For the following explanations, let $\sf BGGen$ be an algorithm which, on input of a security parameter $\kappa$, outputs a bilinear group description ${\sf BG} := (\mathbb{G}_1, \mathbb{G}_2, \mathbb{G}_T, p, P, \hat P, e)$. Here $\mathbb{G}_1$, $\mathbb{G}_2$, and $\mathbb{G}_T$ are three groups of common prime order $p$, where $p$ is of bitlength $\kappa$. $P$ and $\hat P$ are generators of $\mathbb{G}_1$ and $\mathbb{G}_2$, respectively, and $e: \mathbb{G}_1 \times \mathbb{G}_2 \to \mathbb{G}_T$ is a bilinear pairing. Finally, we let ${\bf g} := e(P, \hat P)$. The $\sf BDH\text{-}3$ assumption states that for every PPT adversary $\mathcal{A}$ there exists a negligible function $\varepsilon(\cdot)$ so that it holds that $$ \Pr\left[{\sf BG} \gets {\sf BGGen}(1^\kappa),~ a,b,c \stackrel{R}{\gets} \mathbb{Z}_p,~ {\bf g}^{abc} \gets {\cal A}({\sf BG}, aP,bP,cP,b\hat P, c\hat P) \right] \leq \varepsilon(\kappa). $$

Now, it is not hard to show that any solver for one of the assumptions you stated implies a solver for $\sf BDH\text{-}3$. We will present an explicit reduction ${\cal R}$ for the second assumption (the reduction to the first one is left as an exercise). Before we do so we restate the assumption in our notation (wich we henceforth call ${\sf A}_1$).

Assumption ${\sf A}_1$ states that for every PPT adversary $\cal A$ there exists a negligible function $\varepsilon(\cdot)$ such that $$ \Pr\left[{\sf BG} \gets {\sf BGGen}(1^\kappa),~ a,b \stackrel{R}{\gets} \mathbb{Z}_p,~ ab\hat P \gets {\cal A}({\sf BG}, aP, a \hat P, b \hat P)\right] \leq \varepsilon(\kappa). $$ It is easy to verify that ${\sf A}_1$ indeed resembles the second assumption from the question (let $\hat P := Q$ and $H := bQ$).
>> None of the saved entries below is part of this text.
lemma transport_cost_le:
  assumes L: "L > 0" and p: "p \<ge> 1"
  shows "transport_cost p
    \<le> ennreal ((2 * L) powr p / N) + ennreal (4 * 2 powr p) * moment_tail p (EM N x) L"
proof -
  let ?G = "\<Sum>k\<le>N. tail_weight p L (x k)"
  have "transport_cost p \<le> (\<Sum>i<N. ennreal ((x (Suc i) - x i) powr p)) * ennreal (1 / N)"
    unfolding transport_cost_def
    by (rule nn_integral_PC_le) (use transport_dist p in \<open>auto intro!: ennreal_leI powr_mono2\<close>)
  also have "\<dots> \<le> (ennreal ((2 * L) powr p) + ennreal (2 * 2 powr p) * ?G) * ennreal (1 / N)"
    by (intro mult_right_mono sum_gap_powr_le L p) simp
  also have "\<dots> = ennreal ((2 * L) powr p / N) + ennreal (2 * 2 powr p) * (?G * ennreal (1 / N))"
    by (simp add: distrib_right ennreal_mult[symmetric] mult.assoc)
  also have "?G * ennreal (1 / N) \<le> 2 * moment_tail p (EM N x) L"
    using mult_left_mono[OF ennreal_inverse_le_twice_inverse_Suc[OF N_pos], of ?G]
    by (simp add: moment_tail_EM mult_ac)
  also have "ennreal (2 * 2 powr p) * (2 * moment_tail p (EM N x) L)
      = ennreal (4 * 2 powr p) * moment_tail p (EM N x) L"
    by (simp add: ennreal_mult mult_ac)
  finally show ?thesis
    by (simp add: add_left_mono mult_left_mono)
qed

lemma integral_clip_transport_le:
  assumes L: "L \<ge> 0"
  shows "(\<integral>y. \<bar>clip L y - clip L (transport y)\<bar> \<partial>PC N x) \<le> 2 * L / N"
proof -
  let ?d = "\<lambda>i. clip L (x (Suc i)) - clip L (x i)"
  have d_nonneg: "0 \<le> ?d i" if "i < N" for i
    using clip_mono[OF less_imp_le[OF x_less_Suc[OF that]]] by simp
  have "(\<integral>\<^sup>+ y. ennreal \<bar>clip L y - clip L (transport y)\<bar> \<partial>PC N x)
      \<le> (\<Sum>i<N. ennreal (?d i)) * ennreal (1 / N)"
  proof (rule nn_integral_PC_le)
    fix i y
    assume iy: "i < N" "x i < y" "y \<le> x (Suc i)"
    then have "clip L (x i) \<le> clip L y" "clip L y \<le> clip L (x (Suc i))"
      "clip L (x i) \<le> clip L (transport y)" "clip L (transport y) \<le> clip L (x (Suc i))"
      using transport_piece[OF iy] by (auto intro: clip_mono)
    then show "ennreal \<bar>clip L y - clip L (transport y)\<bar> \<le> ennreal (?d i)"
      by (intro ennreal_leI) auto
  qed measurable
  also have "\<dots> = ennreal (\<Sum>i<N. ?d i) * ennreal (1 / N)"
    using d_nonneg by (subst sum_ennreal) auto
  also have "\<dots> = ennreal ((\<Sum>i<N. ?d i) * (1 / N))"
    using d_nonneg by (subst ennreal_mult) (auto intro: sum_nonneg)
  also have "\<dots> \<le> ennreal (2 * L / N)"
    using sum_clip_telescope_le[OF L, of x N] by (intro ennreal_leI) (simp add: divide_right_mono)
  finally have "(\<integral>\<^sup>+ y. ennreal \<bar>clip L y - clip L (transport y)\<bar> \<partial>PC N x) \<le> ennreal (2 * L / N)" .
  then show ?thesis
    using L by (subst integral_eq_nn_integral) (auto simp: enn2real_leI)
qed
Reduction ${\cal R}$ is implemented as follows:

  • Firstly, it obtains a $\sf BDH\text{-}3$ instance $({\sf BG}, aP,bP,cP,b\hat P, c\hat P)$ from a $\sf BDH\text{-}3$ challenger.
  • Secondly, it starts the adversary against ${\sf A}_1$ on $({\sf BG}, bP, b\hat P, c\hat P)$ to obtain $bc \hat P$.
  • Finally, it outputs $e(aP, bc\hat P) = e(P, \hat P)^{abc}$ as a $\sf BDH\text{-}3$ solution.

To sum up, the existence of $\cal R$ and the assumed hardness of $\sf BDH\text{-}3$ contradict the existence of an efficient adversary against ${\sf A}_1$.

Sidenote 1: The assumptions you state are quite natural assumptions in the Type-3 bilinear group setting.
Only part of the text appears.